Approximately 20% of interviewed physicians' patients eligible for intravenous (IV) tPA were not being prescribed IV tPA (Table 4) because of patient, family, or physician assessment that bleeding risk outweighed benefit (Table 4). However, the percentage of eligible patients not administered tPA was much higher in the emergency room setting (46%) relative to stroke centers (16%) (Table 4).

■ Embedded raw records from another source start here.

lemma spec_norm_imbalance_gd_step_diff_le:
  assumes "1 \<le> l" "l < L"
  shows "spec_norm (imbalance (gd_step L Phi eta W) l - imbalance W l)
    \<le> eta\<^sup>2 * ((spec_norm (grad L Phi W (l+1)))\<^sup>2 + (spec_norm (grad L Phi W l))\<^sup>2)"
proof -
  have "spec_norm (transpose G ** G) \<le> (spec_norm G)\<^sup>2"
    and "spec_norm (G ** transpose G) \<le> (spec_norm G)\<^sup>2" for G :: "real^'n^'n"
    using spec_norm_mult[of "transpose G" G] spec_norm_mult[of G "transpose G"]
    by (simp_all add: spec_norm_transpose power2_eq_square)
  then show ?thesis
    unfolding imbalance_gd_step_diff[OF assms] spec_norm_scaleR abs_power2
    by (intro mult_left_mono order_trans[OF spec_norm_diff] add_mono) auto
qed

theorem lemma9:
  fixes W :: "nat \<Rightarrow> real^'n^'n" and Phi :: "real^'n^'n"
    and L :: nat and alpha beta phi eta :: real
  assumes "L \<ge> 2"
    and "\<forall>l\<in>{1..L-1}. spec_norm (W l) \<le> alpha"
    and "spec_norm (W L) \<le> beta"
    and "alpha \<ge> 0" and "beta \<ge> 0" and "phi > 0"
    and "1 \<le> alpha ^ (2*(L-1))"
    and "alpha ^ (2*(L-1)) < real L * phi^2"
    and "alpha ^ (2*(L-1)) * beta^2 < 2 * phi^2"
    and "eta > 0"
  shows "(\<forall>l\<in>{1..L-2}.
            spec_norm (imbalance (gd_step L Phi eta W) l - imbalance W l)
              \<le> 8 * eta^2 * phi^2 * risk L Phi W)
       \<and> spec_norm (imbalance (gd_step L Phi eta W) (L-1) - imbalance W (L-1))
              \<le> 2 * eta^2 * (real L + 2) * phi^2 * risk L Phi W"
proof -
  let ?G = "grad L Phi W"
  define f where "f = frob_norm (mprod W L 1 - Phi)"
  have risk: "risk L Phi W = f\<^sup>2 / 2"
    by (simp add: risk_def f_def)
  have "1 \<le> alpha"
    using power_less_one_iff[OF assms(4), of "2*(L-1)"] assms(1,7) by auto
  have inner: "(spec_norm (?G l))\<^sup>2 \<le> 2 * phi\<^sup>2 * f\<^sup>2" if "1 \<le> l" "l < L" for l
    using order_trans[OF spec_norm_grad_inner_power2_le[OF assms(2,3) \<open>1 \<le> alpha\<close> assms(5) that]
        mult_right_mono[OF less_imp_le[OF assms(9)] zero_le_power2]]
    by (simp add: f_def)
  have last: "(spec_norm (?G L))\<^sup>2 \<le> real L * phi\<^sup>2 * f\<^sup>2"
    using order_trans[OF spec_norm_grad_last_power2_le[OF assms(2,4)]
        mult_right_mono[OF less_imp_le[OF assms(8)] zero_le_power2]]
    by (simp add: f_def)
  have "spec_norm (imbalance (gd_step L Phi eta W) l - imbalance W l)
      \<le> 8 * eta^2 * phi^2 * risk L Phi W" if "l \<in> {1..L-2}" for l
  proof -
    have "spec_norm (imbalance (gd_step L Phi eta W) l - imbalance W l)
        \<le> eta\<^sup>2 * ((spec_norm (?G (l+1)))\<^sup>2 + (spec_norm (?G l))\<^sup>2)"
      using that by (intro spec_norm_imbalance_gd_step_diff_le) auto
    also have "\<dots> \<le> eta\<^sup>2 * (2 * phi\<^sup>2 * f\<^sup>2 + 2 * phi\<^sup>2 * f\<^sup>2)"
      using that by (intro mult_left_mono add_mono inner) auto
    finally show ?thesis
      by (simp add: risk)
  qed
  moreover have "spec_norm (imbalance (gd_step L Phi eta W) (L-1) - imbalance W (L-1))
      \<le> 2 * eta^2 * (real L + 2) * phi^2 * risk L Phi W"
  proof -
    have "1 \<le> L-1" "L-1 < L" "L-1+1 = L"
      using assms(1) by auto
    then have "spec_norm (imbalance (gd_step L Phi eta W) (L-1) - imbalance W (L-1))
        \<le> eta\<^sup>2 * ((spec_norm (?G L))\<^sup>2 + (spec_norm (?G (L-1)))\<^sup>2)"
      using spec_norm_imbalance_gd_step_diff_le[of "L-1" L Phi eta W] by simp
    also have "\<dots> \<le> eta\<^sup>2 * (real L * phi\<^sup>2 * f\<^sup>2 + 2 * phi\<^sup>2 * f\<^sup>2)"
      using assms(1) by (intro mult_left_mono add_mono last inner) auto
    finally show ?thesis
      by (simp add: risk algebra_simps)
  qed
  ultimately show ?thesis
    by blast
qed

Physician responses suggest ~90% of patients currently being prescribed IV tPA would also be prescribed 3K3A-APC (Table 4); according to the interviewers, many physicians stated it would be a requirement in their opinion to prescribe 3K3A-APC to those patients who received IV tPA.

Conclusion

Hemorrhagic transformation after ischemic stroke—even if labeled “asymptomatic”—may lead to long term disability and cognitive impairment. Fear of hemorrhagic transformation leads some physicians to hesitate to use indicated recanalization therapies. The PAR-1 acting agent, 3K3A-APC, reduces hemorrhagic transformation, and in animal models appears to improve long term outcomes after ischemic stroke. Agents that reduce hemorrhagic transformation may lead to wider acceptance of recanalization therapies and improved long-term outcome for ischemic stroke patients.

Author Contributions

All authors contributed to the creation and revision of the manuscript, as well as read and approved the submitted version.

Conflict of Interest

KP is employed by ZZ Biotech. JG, HL, JM, and BZ are paid consultants to ZZ Biotech. PL has received research funding from NIH to conduct trials of 3K3A-APC; received royalties from sales of the book Thrombolytic Therapy for Acute Ischemic Stroke, 3rd Edition; and received fees for occasional expert witness testimony. The Scripps Research Institute has intellectual property related to the topic of this review.

The remaining author declares that the research was conducted in the absence of any commercial or financial relationships that could be construed as a potential conflict of interest.